Notice how the vast majority of the higher density regions are simple low-rise residential neighbourhoods with mixed use commercial streets. People in these areas have ample private and public parking options and there is a dense canopy of trees. Highrise and even larger mid-rise buildings are not necessary to achieve high-density high quality of life neighbourhoods.
 
If you look at the maps of Toronto and Montreal from the 1970s, you'll notice that both had huge areas of 12,000 ppl/km2 that have since disappeared. In Toronto this was somewhere in the west end and in Montreal, it covered the entire central-east part of the city.

What's up with that? Decrease in household size?
 
^Back then, there were stretches of Dufferin, Ossington or Lansdowne streets where a Toronto semi-detached house probably housed an extended Italian or Portuguese family. In the 1970s the population of the old city of Toronto was well over 700,000 even though our downtown core was riddled with parking lots.

You can still see traces of that kind of density in those western neighbourhoods if you wander around the backstreets. There are ghosts of old corner stores which at one time may have attracted enough business to justify occupying all 4 corners. I rented an apartment in a converted convenience store on Symington avenue, which was probably the epicentre of that dense low-rise neighbourhood you mention. By coincidence, the receptionist at the company I was working for at the time had grown up in the tiny house right across the street from where I lived at the time, along with her 6 siblings while her father worked in the foundry down the street. This sort of teeming working class Toronto seems so foreign to me, even though it was in full swing no more than 25 years ago.
 
People may also be renting out fewer rooms/floors in the west end now.

If a family has 5+ people these days, their first choice will be a larger cheap house in somewhere like Scarborough, not a semi-detached sliver of a thing along Dundas.
 
...and in that light, keep in mind how the extended immigrant family + boarders phenomenon *does* live on in places like Scarborough and even more so the inner 905...to the point where multiple cars in driveways, on lawns, on streets have become a suburban political issue...
 
^ The Denison area of Markham seems to be ground zero for such things, where for $3XX,XXX you can get a 2000+ sq.ft house with like 6 bedrooms (some in the basement).
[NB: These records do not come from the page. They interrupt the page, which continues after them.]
(* Let $p$ be a prime, $m$ a positive integer, $q=p^m$, $n=q^2+1$. Let $\lambda\in\mathbb{F}_{q^2}^*$ have multiplicative order $r$, where $r\mid (q-1)$ and $\nu_2(r)=\nu_2(q-1)$. Let $\delta\in\mathbb{F}_{q^4}$ be a primitive $rn$-th root of unity with $\delta^n=\lambda$. For a positive integer $s$ with $s\mid(q^2-1)$, let $U_{s(q^2+1)}$ denote the set of all $s(q^2+1)$-th roots of unity in $\mathbb{F}_{q^4}^*$. Define $h(x)=x^{q-1}$ for $x\in U_{r(q^2+1)}$, and $h^{-1}(y_0)=\{x\in U_{r(q^2+1)}: h(x)=y_0\}$. Let $T=\{\delta^{-i}:0\le i\le q^2\}$ and $\lambda^jT=\{\lambda^j\delta^{-i}:0\le i\le q^2\}$ for $0\le j\le r-1$. Then $h$ maps $U_{r(q^2+1)}$ onto $U_{q^2+1}$. Moreover, for $y_0\in U_{q^2+1}$, if $h(x_0)=y_0$ for some $x_0\in U_{r(q^2+1)}$, then $h^{-1}(y_0)=\{\lambda^jx_0: 0\le j\le r-1\}$ and $|h^{-1}(y_0)\cap\lambda^jT|=1$ for every $0\le j\le r-1$.
   Context: $\nu_2(\cdot)$ denotes the $2$-adic valuation of a positive integer. *)

theory Defs
  imports "HOL-Computational_Algebra.Computational_Algebra"
begin

definition mult_order :: "'a::field \<Rightarrow> nat" where
  "mult_order x = (if \<exists>k>0. x ^ k = 1 then (LEAST k. k > 0 \<and> x ^ k = 1) else 0)"

definition roots_of_unity :: "nat \<Rightarrow> 'a::field set" where
  "roots_of_unity k = {x. x \<noteq> 0 \<and> x ^ k = 1}"

definition nu2 :: "nat \<Rightarrow> nat" where
  "nu2 r = multiplicity (2::nat) r"

end

theory Submission
  imports Defs "HOL-Number_Theory.Cong"
begin

text \<open>
  Write N = r n and q - 1 = r t. Equality of the 2-adic valuations makes t odd, and since
  q^2 + 1 = (q - 1)(q + 1) + 2 this forces gcd(N, q - 1) = r. In the cyclic group U_N generated
  by \<delta>, the map x \<mapsto> x^(q-1) therefore has image U_(N/r) = U_n, and its fibre through x0 is the
  coset x0 U_r = {\<lambda>^j x0}. Such a coset meets z T = {z \<delta>^(-i) : i < n} exactly once for every
  z in U_N, because z \<delta>^(-i) lies in x0 U_r iff (\<delta>^r)^i = (z/x0)^r, and \<delta>^r has order n.
\<close>

lemma power_eq_one_iff_mult_order_dvd:
  fixes x :: "'a::field"
  shows "x ^ k = 1 \<longleftrightarrow> mult_order x dvd k"
proof (cases "\<exists>k>0. x ^ k = 1")
  case True
  define d where "d = mult_order x"
  have d: "d = (LEAST k. k > 0 \<and> x ^ k = 1)"
    using True by (simp add: d_def mult_order_def)
  have "d > 0" and xd: "x ^ d = 1"
    using LeastI_ex[OF True] by (simp_all add: d)
  show ?thesis unfolding d_def[symmetric]
  proof
    assume xk: "x ^ k = 1"
    have "x ^ k = (x ^ d) ^ (k div d) * x ^ (k mod d)"
      by (metis div_mult_mod_eq power_add power_mult mult.commute)
    with xk xd have "x ^ (k mod d) = 1" by simp
    moreover have "k mod d < d" using \<open>d > 0\<close> by simp
    ultimately have "k mod d = 0" using not_less_Least d by blast
    then show "d dvd k" by auto
  qed (auto simp: xd power_mult)
next
  case False
  then have "mult_order x = 0" unfolding mult_order_def by (rule if_not_P)
  with False show ?thesis by auto
qed

lemma power_eq_power_iff_cong_mult_order:
  fixes x :: "'a::field"
  assumes "x \<noteq> 0"
  shows "x ^ i = x ^ j \<longleftrightarrow> [i = j] (mod mult_order x)"
proof -
  have "x ^ i = x ^ j \<longleftrightarrow> [i = j] (mod mult_order x)" if "i \<le> j" for i j
  proof -
    have "x ^ j = x ^ i * x ^ (j - i)" using that by (simp flip: power_add)
    then have "x ^ i = x ^ j \<longleftrightarrow> x ^ (j - i) = 1" using assms by auto
    then show ?thesis
      using that by (simp add: power_eq_one_iff_mult_order_dvd cong_altdef_nat[of i j] cong_sym_eq[of i j])
  qed
  then show ?thesis by (metis cong_sym_eq nat_le_linear)
qed

lemma mult_order_zero [simp]: "mult_order (0::'a::field) = 0"
  by (simp add: mult_order_def power_0_left)

lemma mult_order_eqI:
  fixes x :: "'a::field"
  assumes "\<And>k. x ^ k = 1 \<longleftrightarrow> d dvd k"
  shows "mult_order x = d"
  using assms by (metis dvd_antisym dvd_refl power_eq_one_iff_mult_order_dvd)

lemma mult_order_power:
  fixes x :: "'a::field"
  assumes "mult_order x = r * n" "r > 0"
  shows "mult_order (x ^ r) = n"
  by (rule mult_order_eqI) (use assms in \<open>simp add: power_eq_one_iff_mult_order_dvd flip: power_mult\<close>)

lemma power_gcd_eq_one:
  fixes x :: "'a::field"
  assumes "x ^ a = 1" "x ^ b = 1"
  shows "x ^ gcd a b = 1"
  using assms by (simp add: power_eq_one_iff_mult_order_dvd)

lemma mem_roots_of_unity_iff: "k > 0 \<Longrightarrow> x \<in> roots_of_unity k \<longleftrightarrow> x ^ k = 1"
  by (auto simp: roots_of_unity_def power_0_left)

lemma card_roots_of_unity_le:
  assumes "k > 0"
  shows "finite (roots_of_unity k :: 'a::field set)" "card (roots_of_unity k :: 'a set) \<le> k"
proof -
  define P :: "'a poly" where "P = monom 1 k - 1"
  have roots: "roots_of_unity k = {x. poly P x = 0}"
    using assms by (auto simp: P_def poly_monom mem_roots_of_unity_iff)
  have "poly P 0 \<noteq> 0" using assms by (simp add: P_def poly_monom power_0_left)
  then have "P \<noteq> 0" by auto
  moreover have "degree P \<le> k"
    unfolding P_def by (rule degree_diff_le) (auto simp: degree_monom_le)
  ultimately show "finite (roots_of_unity k :: 'a set)" "card (roots_of_unity k :: 'a set) \<le> k"
    unfolding roots using poly_roots_finite card_poly_roots_bound le_trans by blast+
qed

lemma roots_of_unity_eq_powers:
  fixes z :: "'a::field"
  assumes "mult_order z = k" "k > 0"
  shows "roots_of_unity k = (\<lambda>i. z ^ i) ` {..<k}"
proof -
  have "z ^ k = 1" using assms by (simp add: power_eq_one_iff_mult_order_dvd)
  then have "z \<noteq> 0" using assms(2) by (auto simp: power_0_left)
  have sub: "(\<lambda>i. z ^ i) ` {..<k} \<subseteq> roots_of_unity k"
    using \<open>z ^ k = 1\<close> assms(2)
    by (auto simp: mem_roots_of_unity_iff) (metis power_mult mult.commute power_one)
  have "inj_on (\<lambda>i. z ^ i) {..<k}"
    using \<open>z \<noteq> 0\<close> assms
    by (auto simp: inj_on_def power_eq_power_iff_cong_mult_order cong_less_modulus_unique_nat)
  then have "card ((\<lambda>i. z ^ i) ` {..<k}) = k" by (simp add: card_image)
  then show ?thesis
    using card_subset_eq[OF _ sub] card_roots_of_unity_le[OF assms(2)] sub card_mono
    by (metis le_antisym)
qed

lemma power_image_roots_of_unity:
  fixes \<delta> :: "'a::field"
  assumes "mult_order \<delta> = N" "N > 0"
  shows "(\<lambda>x. x ^ k) ` roots_of_unity N = (roots_of_unity (N div gcd N k) :: 'a set)"
proof
  define g where "g = gcd N k"
  have "g > 0" "g dvd N" "g dvd k" using assms(2) by (simp_all add: g_def)
  then have N: "N = g * (N div g)" by simp
  then have "N div g > 0" using assms(2) by (metis mult_0_right neq0_conv)
  show "(\<lambda>x. x ^ k) ` roots_of_unity N \<subseteq> (roots_of_unity (N div gcd N k) :: 'a set)"
  proof (rule image_subsetI)
    fix x :: 'a assume "x \<in> roots_of_unity N"
    then have "x ^ N = 1" using assms(2) by (simp add: mem_roots_of_unity_iff)
    have "(x ^ k) ^ (N div g) = (x ^ N) ^ (k div g)"
      using \<open>g dvd N\<close> \<open>g dvd k\<close> by (simp flip: power_mult) (metis div_mult_swap mult.commute)
    then show "x ^ k \<in> roots_of_unity (N div gcd N k)"
      using \<open>x ^ N = 1\<close> \<open>N div g > 0\<close> by (simp add: mem_roots_of_unity_iff g_def)
  qed
  show "roots_of_unity (N div gcd N k) \<subseteq> (\<lambda>x. x ^ k) ` (roots_of_unity N :: 'a set)"
  proof
    fix y :: 'a assume y: "y \<in> roots_of_unity (N div gcd N k)"
    then have "y ^ (N div g) = 1" using \<open>N div g > 0\<close> by (simp add: mem_roots_of_unity_iff g_def)
    then have "y ^ N = 1"
      by (metis N dvd_triv_right dvd_trans power_eq_one_iff_mult_order_dvd)
    then have "y \<in> roots_of_unity N" using assms(2) by (simp add: mem_roots_of_unity_iff)
    then obtain i where i: "y = \<delta> ^ i" using roots_of_unity_eq_powers[OF assms] by auto
    have "\<delta> ^ (i * (N div g)) = 1"
      using \<open>y ^ (N div g) = 1\<close> by (simp add: i power_mult)
    then have "(N div g) * g dvd (N div g) * i"
      using assms(1) by (simp add: power_eq_one_iff_mult_order_dvd mult.commute flip: N)
    then have "g dvd i" using \<open>N div g > 0\<close> by (rule dvd_mult_cancel)
    then have "gcd k N dvd i" by (simp add: g_def gcd.commute)
    then obtain u where "[k * u = i] (mod N)" by (blast dest: cong_solve_dvd_nat)
    have "\<delta> \<noteq> 0" using assms by (metis mult_order_zero neq0_conv)
    have "(\<delta> ^ u) ^ k = \<delta> ^ (k * u)" by (metis power_mult mult.commute)
    also have "\<dots> = y"
      using \<open>[k * u = i] (mod N)\<close> \<open>\<delta> \<noteq> 0\<close> assms(1) i by (simp add: power_eq_power_iff_cong_mult_order)
    finally have "(\<delta> ^ u) ^ k = y" .
    moreover have "\<delta> ^ u \<in> roots_of_unity N"
      using assms by (simp add: mem_roots_of_unity_iff power_eq_one_iff_mult_order_dvd flip: power_mult)
    ultimately show "y \<in> (\<lambda>x. x ^ k) ` roots_of_unity N" by blast
  qed
qed

lemma power_fibre_roots_of_unity:
  fixes x0 :: "'a::field"
  assumes "x0 \<in> roots_of_unity N"
  shows "{x \<in> roots_of_unity N. x ^ k = x0 ^ k} = (\<lambda>w. w * x0) ` roots_of_unity (gcd N k)"
proof
  have "x0 \<noteq> 0" "x0 ^ N = 1" using assms by (simp_all add: roots_of_unity_def)
  show "{x \<in> roots_of_unity N. x ^ k = x0 ^ k} \<subseteq> (\<lambda>w. w * x0) ` roots_of_unity (gcd N k)"
  proof clarify
    fix x :: 'a assume "x \<in> roots_of_unity N" "x ^ k = x0 ^ k"
    then have "x \<noteq> 0" "(x / x0) ^ N = 1" "(x / x0) ^ k = 1"
      using \<open>x0 \<noteq> 0\<close> \<open>x0 ^ N = 1\<close> by (simp_all add: roots_of_unity_def power_divide)
    then have "x / x0 \<in> roots_of_unity (gcd N k)"
      using \<open>x0 \<noteq> 0\<close> by (simp add: roots_of_unity_def power_gcd_eq_one)
    moreover have "x = x / x0 * x0" using \<open>x0 \<noteq> 0\<close> by simp
    ultimately show "x \<in> (\<lambda>w. w * x0) ` roots_of_unity (gcd N k)" by blast
  qed
  show "(\<lambda>w. w * x0) ` roots_of_unity (gcd N k) \<subseteq> {x \<in> roots_of_unity N. x ^ k = x0 ^ k}"
  proof (rule image_subsetI, rule CollectI, rule conjI)
    fix w :: 'a assume "w \<in> roots_of_unity (gcd N k)"
    then have "w \<noteq> 0" "w ^ N = 1" "w ^ k = 1"
      by (auto simp: roots_of_unity_def power_eq_one_iff_mult_order_dvd)
    then show "w * x0 \<in> roots_of_unity N" "(w * x0) ^ k = x0 ^ k"
      using \<open>x0 \<noteq> 0\<close> \<open>x0 ^ N = 1\<close> by (simp_all add: roots_of_unity_def power_mult_distrib)
  qed
qed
And you're right about the lawns; you also have room to run 3 clotheslines in the backyard, there's room for 2 cars in the garage, 2 on the driveway, 2 on the street, 1 on the lawn, etc. Any house with less than 3 perpetual cars could be flagged as a grow-op, and I'm totally serious.
 
I very much doubt that the census accurately counts the population of neighbourhoods like that. There's no way that people would admit that they have illegal basement apartments and basically operate a rooming house. I wouldn't be surprised if, accurately counted, Agincourt/Denison is the densest part of the city. It's already red and purple on the map.
 
Not rooming houses...there's very few rooming houses (and suburban rooming houses probably wouldn't even have the highest people per household rates - they're not like houses around U of T tht are divided into 12 bedrooms). Just families with two kids and a relative (grandparent, aunt, etc.). Sometimes families with 3-4 people and another 1-2 in a basement apartment. Quite a few houses in the area have 4, 5, 6 people and they do declare this on the census. Other areas in the city have pretty high 'people per household' counts but they aren't areas that have as many houses as large as the McNicoll/Denison zone, which is why the McCowan & Steeles area shows up as purple despite being almost entirely single detached houses. Still, it's not as dense overall as downtown...the roads are too wide and there's too many schools and parks.
 
I very much doubt that the census accurately counts the population of neighbourhoods like that. There's no way that people would admit that they have illegal basement apartments and basically operate a rooming house. I wouldn't be surprised if, accurately counted, Agincourt/Denison is the densest part of the city. It's already red and purple on the map.

St. Jamestown probably has the same proportion of unaccounted illegal immigrants and it is already one of the densest parts of the country according to official estimates.